Я вспомнил легенду, которую слышал в университете от старого профессора, — легенду о горе Карачун, где, по преданиям, был заточен старший брат Мороза, злой и завистливый дух, завидовавший людям и проигравший битву за право властвовать над зимой. Тогда я считал это красивой сказкой, не более.
— Но это же миф, — сказал я. — Легенда. Его заточили много веков назад.
Баба Нюра усмехнулась, и от этой усмешки мне стало зябко под шерстяным свитером.
— А ты посчитай, милок. Сколько веков-то прошло? А он всё сидит. И ждёт. Не ты первый, Дмитрий, сюда за правдой приехал. Вон, в тридцатом году из Москвы профессор приезжал, бородатый такой, важный. Тоже всё записывал, фотографировал. А на Карачун пошёл к горе. Один. Нашли его через неделю. Сидит под обрывом, внизу, на льду. Замёрз. А лицо... — она перекрестилась. — Лицо белое, как снег, а глаза открыты. И улыбается. Будто увидел что-то, от чего оторваться не смог.
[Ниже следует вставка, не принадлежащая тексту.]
(* There is a bijection $\beta\mapsto g(\beta)$ from the set of left collinearity points of $B$ onto the set of oriented lines in $\mathbb{R}^3$ such that, for all $p,P\in\mathbb{R}^3$, the pseudo spherical condition for $(p,P)$ at $\beta$ holds if and only if $p\in g(\beta)$. Likewise, there is a bijection $\beta\mapsto g(\beta)$ from the set of right collinearity points onto the set of oriented lines such that, for all $p,P\in\mathbb{R}^3$, the pseudo spherical condition for $(p,P)$ at $\beta$ holds if and only if $P\in g(\beta)$.
   Context: Write a direct isometry as $v\mapsto Mv+y$ ($M\in SO(3)$) and put $x=-M^ty$, $r=\langle y,y\rangle$. It corresponds to $(h:M:x:y:r)=(1:m_{11}:\dots:m_{33}:x_1:x_2:x_3:y_1:y_2:y_3:r)\in\mathbb{P}^{16}_{\mathbb{C}}$. $X$ is the complex Zariski closure of all such points. Throughout, $\langle u,u'\rangle=u^tu'$ is the complex bilinear form on $\mathbb{C}^3$. The boundary is $B=X\cap\{h=0\}$. A point $\beta=(0:M:x:y:r)\in B$ with $M=0$ is a left collinearity point if $x\neq0$ and $y=0$, and a right collinearity point if $x=0$ and $y\ne0$. The pseudo spherical condition for $(p,P)$ at $\beta$ is the complex equation $r-2\langle p,x\rangle-2\langle y,P\rangle-2\langle Mp,P\rangle=0$. *)

theory Defs
  imports "HOL-Analysis.Analysis"
begin

text \<open>Homogeneous coordinates (h : M : x : y : r) of P^16 over the complex numbers.\<close>
type_synonym pt = "complex \<times> ((complex^3)^3) \<times> (complex^3) \<times> (complex^3) \<times> complex"

definition ph :: "pt \<Rightarrow> complex" where "ph v = fst v"
definition pM :: "pt \<Rightarrow> complex^3^3" where "pM v = fst (snd v)"
definition px :: "pt \<Rightarrow> complex^3" where "px v = fst (snd (snd v))"
definition py :: "pt \<Rightarrow> complex^3" where "py v = fst (snd (snd (snd v)))"
definition pr :: "pt \<Rightarrow> complex" where "pr v = snd (snd (snd (snd v)))"

definition pscale :: "complex \<Rightarrow> pt \<Rightarrow> pt" where
  "pscale c v = (c * ph v, (\<chi> i j. c * pM v $ i $ j), c *s px v, c *s py v, c * pr v)"

definition pzero :: "pt \<Rightarrow> bool" where
  "pzero v \<longleftrightarrow> ph v = 0 \<and> pM v = 0 \<and> px v = 0 \<and> py v = 0 \<and> pr v = 0"

definition pclass :: "pt \<Rightarrow> pt set" where
  "pclass v = {pscale c v | c. c \<noteq> 0}"

text \<open>Complex bilinear (not Hermitian) form on C^3.\<close>
definition cdot :: "complex^3 \<Rightarrow> complex^3 \<Rightarrow> complex" where
  "cdot u w = (\<Sum>i\<in>UNIV. u $ i * w $ i)"

definition cvec :: "real^3 \<Rightarrow> complex^3" where
  "cvec u = (\<chi> i. complex_of_real (u $ i))"

definition cmat :: "real^3^3 \<Rightarrow> complex^3^3" where
  "cmat A = (\<chi> i j. complex_of_real (A $ i $ j))"

definition SO3 :: "(real^3^3) set" where
  "SO3 = {M. orthogonal_matrix M \<and> det M = 1}"

text \<open>The point (1 : M : x : y : r) of the direct isometry v \<mapsto> M v + y,
  with x = - M^t y and r = <y,y>.\<close>
definition iso_pt :: "real^3^3 \<Rightarrow> real^3 \<Rightarrow> pt" where
  "iso_pt M y = (1, cmat M, cvec (- (transpose M *v y)), cvec y, complex_of_real (y \<bullet> y))"

inductive polyfun :: "(pt \<Rightarrow> complex) \<Rightarrow> bool" where
  pf_const: "polyfun (\<lambda>v. c)"
| pf_h: "polyfun ph"
| pf_M: "polyfun (\<lambda>v. pM v $ i $ j)"
| pf_x: "polyfun (\<lambda>v. px v $ i)"
| pf_y: "polyfun (\<lambda>v. py v $ i)"
| pf_r: "polyfun pr"
| pf_add: "polyfun f \<Longrightarrow> polyfun g \<Longrightarrow> polyfun (\<lambda>v. f v + g v)"
| pf_mult: "polyfun f \<Longrightarrow> polyfun g \<Longrightarrow> polyfun (\<lambda>v. f v * g v)"

definition homogeneous_of :: "nat \<Rightarrow> (pt \<Rightarrow> complex) \<Rightarrow> bool" where
  "homogeneous_of d f \<longleftrightarrow> (\<forall>c v. f (pscale c v) = c ^ d * f v)"

text \<open>Affine cone (minus 0) over X: the Zariski closure in P^16 of all points of direct isometries,
  i.e. the common nonzero zeros of all homogeneous polynomials vanishing on these points.\<close>
definition Xcone :: "pt set" where
  "Xcone = {v. \<not> pzero v \<and>
     (\<forall>f d. polyfun f \<and> homogeneous_of d f \<and> (\<forall>M\<in>SO3. \<forall>y. f (iso_pt M y) = 0) \<longrightarrow> f v = 0)}"

definition Bnd :: "pt set set" where
  "Bnd = {pclass v | v. v \<in> Xcone \<and> ph v = 0}"

definition left_coll :: "pt set set" where
  "left_coll = {pclass v | v. v \<in> Xcone \<and> ph v = 0 \<and> pM v = 0 \<and> px v \<noteq> 0 \<and> py v = 0}"

definition right_coll :: "pt set set" where
  "right_coll = {pclass v | v. v \<in> Xcone \<and> ph v = 0 \<and> pM v = 0 \<and> px v = 0 \<and> py v \<noteq> 0}"

text \<open>Pseudo spherical condition for (p,P) at a representative v, and at a projective point
  (the condition is homogeneous linear, hence independent of the representative).\<close>
definition psc_vec :: "pt \<Rightarrow> real^3 \<Rightarrow> real^3 \<Rightarrow> bool" where
  "psc_vec v p P \<longleftrightarrow>
     pr v - 2 * cdot (cvec p) (px v) - 2 * cdot (py v) (cvec P) - 2 * cdot (pM v *v cvec p) (cvec P) = 0"

definition psc :: "pt set \<Rightarrow> real^3 \<Rightarrow> real^3 \<Rightarrow> bool" where
  "psc \<beta> p P \<longleftrightarrow> (\<forall>v\<in>\<beta>. psc_vec v p P)"

definition oriented_lines :: "((real^3) set \<times> (real^3)) set" where
  "oriented_lines = {(L, d). norm d = 1 \<and> (\<exists>q. L = {q + t *\<^sub>R d | t. True})}"

end

theory Submission
  imports Defs "HOL-Complex_Analysis.Conformal_Mappings"
begin

text \<open>
  The closure \<open>X\<close> satisfies \<open>\<langle>x,x\<rangle> = h r\<close>, so at a left collinearity point \<open>x\<close> is isotropic.
  Conversely every \<open>(0 : 0 : x : 0 : r)\<close> with \<open>x \<noteq> 0\<close> isotropic lies on \<open>X\<close>: by the identity
  theorem a polynomial vanishing on the isometries also vanishes on complexified rotations about
  the \<open>z\<close>-axis combined with complex translations, and a holomorphic curve of such points reaches
  \<open>(0 : 0 : (2, 2i, 0) : 0 : r)\<close>; rotating this point gives all the others.
  Writing \<open>x = \<rho> (e\<^sub>1 + i e\<^sub>2)\<close> with \<open>e\<^sub>1, e\<^sub>2\<close> orthonormal, the pair \<open>(x, r)\<close> up to a common factor is
  the oriented line \<open>{p. 2\<langle>p,x\<rangle> = r}\<close> with direction \<open>e\<^sub>1 \<times> e\<^sub>2\<close>, and \<open>2\<langle>p,x\<rangle> = r\<close> is exactly the
  pseudo spherical condition. Inverting isometries gives the symmetry \<open>(M, x, y) \<mapsto> (M\<^sup>t, y, x)\<close> of \<open>X\<close>,
  which exchanges left and right collinearity points and the roles of \<open>p\<close> and \<open>P\<close>.
\<close>

subsection \<open>Projective points\<close>

lemma pt_eq_iff: "v = w \<longleftrightarrow> ph v = ph w \<and> pM v = pM w \<and> px v = px w \<and> py v = py w \<and> pr v = pr w"
  by (cases v; cases w) (auto simp: ph_def pM_def px_def py_def pr_def)

lemma pscale_coords [simp]:
  "ph (pscale c v) = c * ph v" "pM (pscale c v) = (\<chi> i j. c * pM v $ i $ j)"
  "px (pscale c v) = c *s px v" "py (pscale c v) = c *s py v" "pr (pscale c v) = c * pr v"
  by (simp_all add: pscale_def ph_def pM_def px_def py_def pr_def)

lemma pscale_pscale: "pscale c (pscale c' v) = pscale (c * c') v"
  by (simp add: pt_eq_iff vec_eq_iff algebra_simps)

lemma pscale_1 [simp]: "pscale 1 v = v"
  by (simp add: pt_eq_iff vec_eq_iff)

lemma pclass_self: "v \<in> pclass v"
  unfolding pclass_def by (rule CollectI, rule exI[of _ 1]) simp

lemma pclass_pscale:
  assumes "c \<noteq> 0"
  shows "pclass (pscale c v) = pclass v"
proof
  show "pclass (pscale c v) \<subseteq> pclass v"
    using assms by (auto simp: pclass_def pscale_pscale)
  show "pclass v \<subseteq> pclass (pscale c v)"
  proof
    fix w assume "w \<in> pclass v"
    then obtain e where e: "e \<noteq> 0" "w = pscale e v" by (auto simp: pclass_def)
    then have "w = pscale (e / c) (pscale c v)" using assms by (simp add: pscale_pscale)
    then show "w \<in> pclass (pscale c v)" using e assms unfolding pclass_def by auto
  qed
qed

lemma pclass_eq_imp_pscale:
  assumes "pclass v = pclass w"
  obtains c where "c \<noteq> 0" "v = pscale c w"
  using pclass_self[of v] assms by (auto simp: pclass_def)

lemma pzero_pscale: "c \<noteq> 0 \<Longrightarrow> pzero (pscale c v) \<longleftrightarrow> pzero v"
  by (auto simp: pzero_def vec_eq_iff)

lemma homogeneous_of_pscale: "homogeneous_of d f \<Longrightarrow> f (pscale c v) = c ^ d * f v"
  unfolding homogeneous_of_def by blast

lemma Xcone_pscale:
  assumes "v \<in> Xcone" "c \<noteq> 0"
  shows "pscale c v \<in> Xcone"
proof -
  have "f (pscale c v) = 0"
    if "polyfun f" "homogeneous_of d f" "\<forall>M\<in>SO3. \<forall>y. f (iso_pt M y) = 0" for f d
  proof -
    have "f v = 0" using that assms(1) unfolding Xcone_def by blast
    then show ?thesis by (simp add: homogeneous_of_pscale[OF that(2)])
  qed
  then show ?thesis using assms by (auto simp: Xcone_def pzero_pscale)
qed

lemma cdot_scale_left: "cdot (c *s u) w = c * cdot u w"
  and cdot_scale_right: "cdot u (c *s w) = c * cdot u w"
  by (simp_all add: cdot_def sum_distrib_left algebra_simps)

lemma cdot_commute: "cdot u w = cdot w u"
  by (simp add: cdot_def mult.commute)

lemma cdot_0_left [simp]: "cdot 0 w = 0"
  by (simp add: cdot_def)

lemma cdot_transpose: "cdot (transpose A *v u) w = cdot u (A *v w)"
  by (simp add: cdot_def matrix_vector_mult_def transpose_def sum_3 algebra_simps)

lemma scaled_matrix_vector_mult: "(\<chi> i j. c * (A::complex^3^3) $ i $ j) *v u = c *s (A *v u)"
  by (simp add: matrix_vector_mult_def vec_eq_iff sum_distrib_left algebra_simps)

lemma psc_vec_pscale:
  assumes "c \<noteq> 0"
  shows "psc_vec (pscale c v) p P \<longleftrightarrow> psc_vec v p P"
proof -
  have "pr (pscale c v) - 2 * cdot (cvec p) (px (pscale c v)) - 2 * cdot (py (pscale c v)) (cvec P)
          - 2 * cdot (pM (pscale c v) *v cvec p) (cvec P)
        = c * (pr v - 2 * cdot (cvec p) (px v) - 2 * cdot (py v) (cvec P) - 2 * cdot (pM v *v cvec p) (cvec P))"
    by (simp add: cdot_scale_left cdot_scale_right scaled_matrix_vector_mult algebra_simps)
  then show ?thesis using assms by (simp add: psc_vec_def)
qed

lemma psc_pclass: "psc (pclass v) p P \<longleftrightarrow> psc_vec v p P"
proof
  show "psc (pclass v) p P \<Longrightarrow> psc_vec v p P" using pclass_self unfolding psc_def by blast
  show "psc (pclass v) p P" if "psc_vec v p P"
    unfolding psc_def pclass_def using that psc_vec_pscale by blast
qed

lemma polyfun_sum:
  "finite S \<Longrightarrow> (\<And>k. k \<in> S \<Longrightarrow> polyfun (g k)) \<Longrightarrow> polyfun (\<lambda>v. \<Sum>k\<in>S. g k v)"
  by (induction S rule: finite_induct) (simp_all add: polyfun.pf_const polyfun.pf_add)

lemma polyfun_diff:
  assumes "polyfun f" "polyfun g"
  shows "polyfun (\<lambda>v. f v - g v)"
proof -
  have "polyfun (\<lambda>v. f v + (-1) * g v)" using assms by (intro polyfun.intros)
  then show ?thesis by simp
qed

definition polymap :: "(pt \<Rightarrow> pt) \<Rightarrow> bool" where
  "polymap T \<longleftrightarrow> polyfun (\<lambda>v. ph (T v)) \<and> (\<forall>i j. polyfun (\<lambda>v. pM (T v) $ i $ j)) \<and>
     (\<forall>i. polyfun (\<lambda>v. px (T v) $ i)) \<and> (\<forall>i. polyfun (\<lambda>v. py (T v) $ i)) \<and> polyfun (\<lambda>v. pr (T v))"

lemma polyfun_compose_polymap: "polyfun f \<Longrightarrow> polymap T \<Longrightarrow> polyfun (\<lambda>v. f (T v))"
  by (induction rule: polyfun.induct) (auto simp: polymap_def intro: polyfun.intros)

lemma Xcone_polymap_image:
  assumes "polymap T" and T_pscale: "\<And>c w. T (pscale c w) = pscale c (T w)"
    and T_iso: "\<And>M y. M \<in> SO3 \<Longrightarrow> \<exists>M'\<in>SO3. \<exists>y'. T (iso_pt M y) = iso_pt M' y'"
    and "\<not> pzero (T v)" "v \<in> Xcone"
  shows "T v \<in> Xcone"
  unfolding Xcone_def
proof (intro CollectI conjI allI impI)
  show "\<not> pzero (T v)" by fact
  fix f d assume f: "polyfun f \<and> homogeneous_of d f \<and> (\<forall>M\<in>SO3. \<forall>y. f (iso_pt M y) = 0)"
  have "polyfun (\<lambda>w. f (T w))"
    using f \<open>polymap T\<close> polyfun_compose_polymap by blast
  moreover have "homogeneous_of d (\<lambda>w. f (T w))"
    using f homogeneous_of_pscale unfolding homogeneous_of_def T_pscale by blast
  moreover have "\<forall>M\<in>SO3. \<forall>y. f (T (iso_pt M y)) = 0"
    using f T_iso by metis
  ultimately show "f (T v) = 0"
    using \<open>v \<in> Xcone\<close> unfolding Xcone_def by blast
qed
К четырём часам дня сумерки сгустились настолько, будто наступила глубокая ночь. Ветер стих — внезапно, как отрезало. Тишина стояла абсолютная, ватная. Даже собаки в селе не лаяли, даже скот в хлевах притих.
Я вышел на крыльцо. Небо на западе было странного, неестественного цвета — густо-багрового, с прожилками зелёного, словно огромный синяк. Солнце садилось, и это было похоже не на закат, а на агонию. Оно не уходило за горизонт — оно опадало, сжималось, угасало, как уголёк в золе.
И в тот момент, когда последний край солнечного диска скрылся за кромкой леса, случилось то, что я никогда не забуду.
Река Смородинка вздохнула.
Это был не треск льда, не плеск воды. Это был именно вздох — глубокий, низкий, идущий из-под земли, словно огромное лёгкое, уставшее сдерживать дыхание, наконец выдохнуло. Полынья, черневшая посреди реки, вдруг запульсировала, расширяясь и сужаясь в такт этому дыханию.
Я смотрел на это и не мог отвести взгляд. Мне казалось, что оттуда, из чёрной воды, на меня кто-то смотрит. Не один — много. Сотни, тысячи глаз. Глаз тех, кто ушёл, но не забыл. Тех, кто ждёт.
Вернувшись в дом, я включил диктофон и начал запись. Рука дрожала, но я заставлял себя говорить чётко, фиксировать каждую деталь. Я знал: то, что я сейчас вижу и чувствую, — уникально. Этнограф во мне боролся с человеком, и пока этнограф побеждал.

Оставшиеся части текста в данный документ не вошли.